Weigh yourself correctly

Weigh yourself correctly

Learn how to weigh yourself correctly. Monitoring your weight is difficult when it can fluctuate three to five pounds in a single day. This system will help.

Step 1. Use your own scale

Always use the same scale. Scales that haven’t been calibrated recently can be off by as much as four pounds, so using a variety of scales will make it more difficult for you to monitor gains and losses.
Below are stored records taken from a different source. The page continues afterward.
lemma tensor_eq_fcomb_lincomb:
  assumes "module R N" "finite D" "p \<in> D \<rightarrow> carrier N" "k \<in> D \<rightarrow> carrier R"
  shows "tensor_eq R S h N (fcomb S p (\<lambda>d. h (k d)) D) (fdelta S (\<Oplus>\<^bsub>N\<^esub>d\<in>D. k d \<odot>\<^bsub>N\<^esub> p d) \<one>\<^bsub>S\<^esub>)"
  using assms(2-4)
proof (induction D rule: finite_induct)
  case empty
  interpret N: module R N by fact
  show ?case
    using tensor_eq_sym[OF tensor_eq_fdelta_zero[OF assms(1) S.one_closed]] by (simp add: fcomb_def)
next
  case (insert a D)
  interpret N: module R N by fact
  let ?\<sigma> = "\<Oplus>\<^bsub>N\<^esub>d\<in>D. k d \<odot>\<^bsub>N\<^esub> p d"
  have ka: "k a \<in> carrier R" "p a \<in> carrier N" "k a \<odot>\<^bsub>N\<^esub> p a \<in> carrier N" "?\<sigma> \<in> carrier N"
    using insert.prems by (auto intro!: N.finsum_closed)
  have split: "fcomb S p (\<lambda>d. h (k d)) (insert a D) = fadd S (fdelta S (p a) (h (k a))) (fcomb S p (\<lambda>d. h (k d)) D)"
    unfolding fcomb_def fadd_def using insert.hyps insert.prems
    by (intro ext, subst S.finsum_insert) (auto simp: Pi_def)
  have "tensor_eq R S h N (fadd S (fdelta S (p a) (h (k a))) (fcomb S p (\<lambda>d. h (k d)) D))
      (fadd S (fdelta S (k a \<odot>\<^bsub>N\<^esub> p a) \<one>\<^bsub>S\<^esub>) (fdelta S ?\<sigma> \<one>\<^bsub>S\<^esub>))"
  proof (rule tensor_eq_fadd)
    show "tensor_eq R S h N (fdelta S (p a) (h (k a))) (fdelta S (k a \<odot>\<^bsub>N\<^esub> p a) \<one>\<^bsub>S\<^esub>)"
    proof (rule tensor_eq_sym)
      show "tensor_eq R S h N (fdelta S (k a \<odot>\<^bsub>N\<^esub> p a) \<one>\<^bsub>S\<^esub>) (fdelta S (p a) (h (k a)))"
        using tensor_eq_fdelta_smult[OF S.one_closed ka(1,2)] ka(1) by simp
    qed (use ka in simp_all)
    show "tensor_eq R S h N (fcomb S p (\<lambda>d. h (k d)) D) (fdelta S ?\<sigma> \<one>\<^bsub>S\<^esub>)"
      using insert.IH insert.prems by (simp add: Pi_def)
  qed (use insert.prems in \<open>simp_all add: Pi_def\<close>)
  moreover have "tensor_eq R S h N (fadd S (fdelta S (k a \<odot>\<^bsub>N\<^esub> p a) \<one>\<^bsub>S\<^esub>) (fdelta S ?\<sigma> \<one>\<^bsub>S\<^esub>))
      (fdelta S (k a \<odot>\<^bsub>N\<^esub> p a \<oplus>\<^bsub>N\<^esub> ?\<sigma>) \<one>\<^bsub>S\<^esub>)"
    using ka by (intro tensor_eq_sym[OF tensor_eq_fdelta_add]) (auto simp: fadd_def)
  ultimately have "tensor_eq R S h N (fcomb S p (\<lambda>d. h (k d)) (insert a D))
      (fdelta S (k a \<odot>\<^bsub>N\<^esub> p a \<oplus>\<^bsub>N\<^esub> ?\<sigma>) \<one>\<^bsub>S\<^esub>)"
    unfolding split by (rule tensor_eq_trans) (use insert.prems in \<open>auto simp: fadd_def Pi_def\<close>)
  moreover have "(\<Oplus>\<^bsub>N\<^esub>d\<in>insert a D. k d \<odot>\<^bsub>N\<^esub> p d) = k a \<odot>\<^bsub>N\<^esub> p a \<oplus>\<^bsub>N\<^esub> ?\<sigma>"
    using insert by (intro N.finsum_insert) auto
  ultimately show ?case by simp
qed
text \<open>The list-decoding error is exponentially small: the union bound over the cover, with the
  Chernoff bound for each deviation event.\<close>
lemma list_error_bound:
  fixes W :: "'x::finite \<Rightarrow> 's::finite \<Rightarrow> 'y::finite \<Rightarrow> real" and P :: "'x \<Rightarrow> real"
  assumes W: "avc W" and P: "\<And>a. P a > 0" and l: "0 < l" "l < 1" and eta: "0 < \<eta>" "\<eta> \<le> 1"
    and xs: "xs \<in> typ_class P c" and c: "c \<ge> 1"
    and V0: "avg_channel W xs ss \<in> \<V>" "stoch (avg_channel W xs ss)"
  defines "Q \<equiv> real (card (UNIV::'y set))"
  shows "list_err W (\<lambda>ys. list_decoder l \<eta> P ys \<V>) xs ss
    \<le> 2 * Q * exp (- (real c * (\<eta> / Q)^2 / 4)) + exp (- (real c * \<eta>^2 / (4 * (ln (Q / l) + 1)^2)))"
proof -
  define p where "p = (\<lambda>t. W (xs!t) (ss!t))"
  define f where "f ys = (\<Prod>t<c. p t (ys!t))" for ys :: "'y list"
  define EI where "EI b = upper_dev p (\<lambda>t y. of_bool (y = b)) c (\<eta> / Q)" for b
  define EN where "EN b = upper_dev p (\<lambda>t y. - of_bool (y = b)) c (\<eta> / Q)" for b
  define EL where "EL = upper_dev p (\<lambda>t y. - ln (smooth l (avg_channel W xs ss) (xs!t) y)) c \<eta>"
  have p0: "\<And>t b. p t b \<ge> 0" and p1: "\<And>t. (\<Sum>b\<in>UNIV. p t b) = 1"
    using W by (auto simp: avc_def p_def)
  have f0: "f ys \<ge> 0" for ys unfolding f_def using p0 by (intro prod_nonneg) auto
  have fin: "finite (EI b)" "finite (EN b)" "finite EL" "finite (\<Union>b. EI b)" "finite (\<Union>b. EN b)" for b
    by (simp_all add: EI_def EN_def EL_def finite_upper_dev)
  have "\<eta> / Q > 0" "\<eta> / Q \<le> 2"
    using eta card_UNIV_ge_1[where 'a='y] by (auto simp: Q_def divide_le_eq)
  note symbol = symbol_deviation_bounds[where p=p and n=c, OF p0 p1 this]
  have "list_err W (\<lambda>ys. list_decoder l \<eta> P ys \<V>) xs ss
      = sum f {ys. length ys = c \<and> xs \<notin> list_decoder l \<eta> P ys \<V>}"
    using xs by (simp add: list_err_def chan_prob_def f_def p_def typ_class_def)
  also have "\<dots> \<le> sum f ((\<Union>b. EI b) \<union> (\<Union>b. EN b) \<union> EL)"
    using decoding_failure_cover[OF P xs c V0(1), where l=l] fin
    unfolding EI_def EN_def EL_def p_def Q_def by (intro sum_mono2 f0) auto
  also have "\<dots> \<le> sum f (\<Union>b. EI b) + sum f (\<Union>b. EN b) + sum f EL"
    using fin f0 by (intro order.trans[OF sum_Un_le_nonneg] add_mono sum_Un_le_nonneg) auto
  also have "\<dots> \<le> (\<Sum>b\<in>UNIV. sum f (EI b)) + (\<Sum>b\<in>UNIV. sum f (EN b)) + sum f EL"
    using fin f0 by (intro add_mono order.refl sum_UN_le_nonneg) auto
  also have "\<dots> \<le> (\<Sum>b\<in>(UNIV::'y set). exp (- (real c * (\<eta> / Q)^2 / 4)))
      + (\<Sum>b\<in>(UNIV::'y set). exp (- (real c * (\<eta> / Q)^2 / 4)))
      + exp (- (real c * \<eta>^2 / (4 * (ln (Q / l) + 1)^2)))"
    using log_likelihood_deviation_bound[where p=p and xs=xs and n=c, OF p0 p1 V0(2) l eta] symbol
    by (intro add_mono sum_mono) (auto simp: f_def EI_def EN_def EL_def Q_def)
  finally show ?thesis by (simp add: Q_def)
qed

text \<open>The codebook has rate \<open>H(P) - \<xi>\<close> for all large \<open>c\<close> (the factor \<open>(e(c+1))^{|X|}\<close> is
  subexponential).\<close>
lemma codebook_size_eventually:
  fixes P :: "'x::finite \<Rightarrow> real"
  assumes P: "\<And>a. P a > 0" "(\<Sum>a\<in>UNIV. P a) = 1" and \<xi>: "\<xi> > 0"
  shows "\<forall>\<^sub>F c in sequentially. (\<forall>a. real c * P a \<in> \<nat>) \<longrightarrow>
    exp (real c * (entropy P - \<xi>)) \<le> real (card (typ_class P c))"
proof -
  define K where "K = card (UNIV::'x set)"
  have "\<forall>\<^sub>F c in sequentially. real K + real K * ln (real c + 1) \<le> \<xi> * real c"
    by (rule eventually_log_le_linear[OF \<xi>])
  moreover have "\<forall>\<^sub>F c in sequentially. c \<ge> 1" by (rule eventually_ge_at_top)
  ultimately show ?thesis
  proof eventually_elim
    case (elim c)
    have "exp (real K * ln (real c + 1)) = exp (ln (real c + 1)) ^ K" by (rule exp_of_nat_mult)
    moreover have "exp (real K) = exp 1 ^ K" using exp_of_nat_mult[of K 1] by simp
    ultimately have "(exp 1 * (real c + 1)) ^ K = exp (real K + real K * ln (real c + 1))"
      by (simp add: exp_add power_mult_distrib)
    also have "\<dots> \<le> exp (\<xi> * real c)" using elim(1) by simp
    finally have "exp (real c * entropy P) / exp (\<xi> * real c)
        \<le> exp (real c * entropy P) / (exp 1 * (real c + 1)) ^ K"
      by (intro divide_left_mono) auto
    hence "exp (real c * (entropy P - \<xi>)) \<le> exp (real c * entropy P) / (exp 1 * (real c + 1)) ^ K"
      by (simp add: exp_diff[symmetric] algebra_simps)
    thus ?case using typ_class_lower[OF P elim(2)] unfolding K_def by auto
  qed
qed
To check your own scale’s accuracy, put a five-pound dumbbell or bag of sugar on it and see what reading you get.

Step 2. Weigh yourself in the morning

Weigh yourself at the same time every day, preferably first thing in the morning, before you eat.

Don’t weigh yourself right after a workout, unless you always weigh yourself right after a workout and never at any other time. Exercising makes you sweat, so the reading may reflect an inaccurate weight decrease.

Step 3. Use a hard surface

Keep your scale on a flat, hard surface; carpeting can affect the reading.

Step 4. Pee before you weigh yourself

Make sure your bladder is empty when you step on the scale.

Step 5. Get naked

Weigh yourself naked or in your underwear; clothes and accessories can add as much as five pounds.

Step 6. Take an average

Weigh yourself on three consecutive days each week, and use the average of those numbers as your weekly weigh-in number.

FACT: In a study of 3,000 dieters, those who weighed themselves daily lost an average of 12 pounds, compared to a 6-pound loss for dieters who did weekly weigh-ins. Dieters who didn’t weigh themselves at all gained four pounds.